We are experiencing a strange bug with Druid 0.10, though I believe it was also present before.

Our Kafka indexing service produces “way too many segments” on an hourly basis, and every night we run additional tasks to reindex/compact the previous day’s segments. We don’t use hadoop indexing, and so we simply submit an “index” task to the overlord with an “ingestSegment” firehose defined that pulls in all the previous day’s segments. Most of this works fine.
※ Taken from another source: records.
lemma s_gen_braid:
  assumes emb: "complex_alg_emb emb" and Q: "Q_relations n u v"
    and i: "i \<in> {1..n-1}" and j: "j \<in> {1..n-1}" and near: "\<bar>int i - int j\<bar> \<le> 1"
  shows "s_gen emb u v i * s_gen emb u v j * s_gen emb u v i
       = s_gen emb u v j * s_gen emb u v i * s_gen emb u v j"
  unfolding s_gen_quat scaled_mult[OF emb]
  using quat_braid[OF Q_relations_anticomm_pair[OF Q i] Q_relations_anticomm_pair[OF Q j]
      Q_relations_neighbours[OF Q i j near]]
  by simp

lemma s_gen_far_commute:
  assumes emb: "complex_alg_emb emb" and Q: "Q_relations n u v"
    and i: "i \<in> {1..n-1}" and j: "j \<in> {1..n-1}" and far: "\<bar>int i - int j\<bar> \<ge> 2"
  shows "s_gen emb u v i * s_gen emb u v j = s_gen emb u v j * s_gen emb u v i"
  unfolding s_gen_quat scaled_mult[OF emb]
  using quat_far_commute[OF Q_relations_anticomm_pair[OF Q i] Q_relations_anticomm_pair[OF Q j]
      Q_relations_distant[OF Q i j far]]
  by (simp add: mult.commute)

theorem mainTheorem3:
  fixes emb :: "complex \<Rightarrow> 'a::ring_1"
    and u v :: "nat \<Rightarrow> 'a"
    and n :: nat
  assumes "n \<ge> 2"
    and "complex_alg_emb emb"
    and "Q_relations n u v"
  defines "s \<equiv> s_gen emb u v"
  shows "(\<forall>i\<in>{1..n-2}. s i * s (i+1) * s i = s (i+1) * s i * s (i+1))
       \<and> (\<forall>i\<in>{1..n-1}. \<forall>j\<in>{1..n-1}. \<bar>int i - int j\<bar> \<ge> 2 \<longrightarrow> s i * s j = s j * s i)
       \<and> (\<forall>i\<in>{1..n-1}. (s i - emb qq) * (s i + 1) = 0)
       \<and> ring_inv (s 1) = emb (- qq / 2) * (1 - u 1 - v 1 - u 1 * v 1)
       \<and> ring_inv (s 1) * u 1 * s 1 = u 1 * v 1
       \<and> ring_inv (s 1) * v 1 * s 1 = u 1
       \<and> (n \<ge> 3 \<longrightarrow>
            ring_inv (s 1) * u 2 * s 1 = u 2 * v 1
          \<and> ring_inv (s 1) * v 2 * s 1 = - (u 1 * v 1 * v 2))"
proof -
  note emb = assms(2) and Q = assms(3)
  have one: "1 \<in> {1..n-1}" using assms(1) by simp
  have pair1: "anticomm_pair (u 1) (v 1)" by (rule Q_relations_anticomm_pair[OF Q one])
  note conj1 = s_gen_conjugate[OF emb, where u = u and v = v and i = 1, OF pair1]
  have braid: "s i * s (i+1) * s i = s (i+1) * s i * s (i+1)" if "i \<in> {1..n-2}" for i
    unfolding s_def by (rule s_gen_braid[OF emb Q]) (use that in auto)
  have quadratic: "(s i - emb qq) * (s i + 1) = 0" if "i \<in> {1..n-1}" for i
    unfolding s_def by (rule s_gen_quadratic[OF emb], rule Q_relations_anticomm_pair[OF Q that])
  have own: "ring_inv (s 1) * u 1 * s 1 = u 1 * v 1" "ring_inv (s 1) * v 1 * s 1 = u 1"
    unfolding s_def using conj1 quat_conj_own[OF pair1] by blast+
  have second: "ring_inv (s 1) * u 2 * s 1 = u 2 * v 1
      \<and> ring_inv (s 1) * v 2 * s 1 = - (u 1 * v 1 * v 2)" if "n \<ge> 3"
  proof -
    have two: "2 \<in> {1..n-1}" using that by simp
    have near: "\<bar>int 1 - int 2\<bar> \<le> 1" by simp
    show ?thesis
      unfolding s_def
      using conj1 quat_conj_neighbour[OF pair1 Q_relations_anticomm_pair[OF Q two]
          Q_relations_neighbours[OF Q one two near]]
      by blast
  qed
  show ?thesis
    using braid s_gen_far_commute[OF emb Q] quadratic
      s_gen_inverse[OF emb, where u = u and v = v and i = 1, OF pair1] own second
    unfolding s_def quat_minus_def by blast
qed

end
We have some rows that use multi-valued fields to keep a tag list. For these, we write a boolean flag for the presence of any tags, and a multi valued dimension for the list of tags. For example, the input rows look like this:

{

“version” : “v1”,

“timestamp” : “2018-01-06T00:00:00.000Z”,

“event” : {

“has_tags” : “0”,

“tags” : ,

“event_count” : 1

}

},{

“version” : “v1”,

“timestamp” : “2018-01-06T00:00:00.000Z”,

“event” : {

“has_tags” : “1”,

“tags” : [“tag1”, “tag2”]

“event_count” : 1

}

}

After we have reindexed, the compacted segments contain “impossible” rows in which the boolean dimension is false, but some tags from other rows have somehow crept into the wrong rows. For example:

{

“version” : “v1”,

“timestamp” : “2018-01-06T00:00:00.000Z”,

“event” : {

“has_tags” : “0”,

“tags” : “tag1”

“event_count” : 1

}

}

So far, I have only observed this behavior with multi-valued dimension fields.

Has anyone seen something like this, or bugs in this area? We have tried messing around with the index specs we give the jobs to no avail. Is there a bad spec we could give that would result in this behavior? Possibly, we can get a test case together to reproduce.

Thanks for any tips.

Hi Max,

This sounds like https://github.com/druid-io/druid/pull/5012 which was a bug in 0.10.x (not 0.9.x and not 0.11.x). Please try upgrading to 0.11.0 and seeing if that helps.

That looks like it!

Actually, I misspoke and we are running 0.11.0 RC which appears to not have this fix yet. We can update to the final release.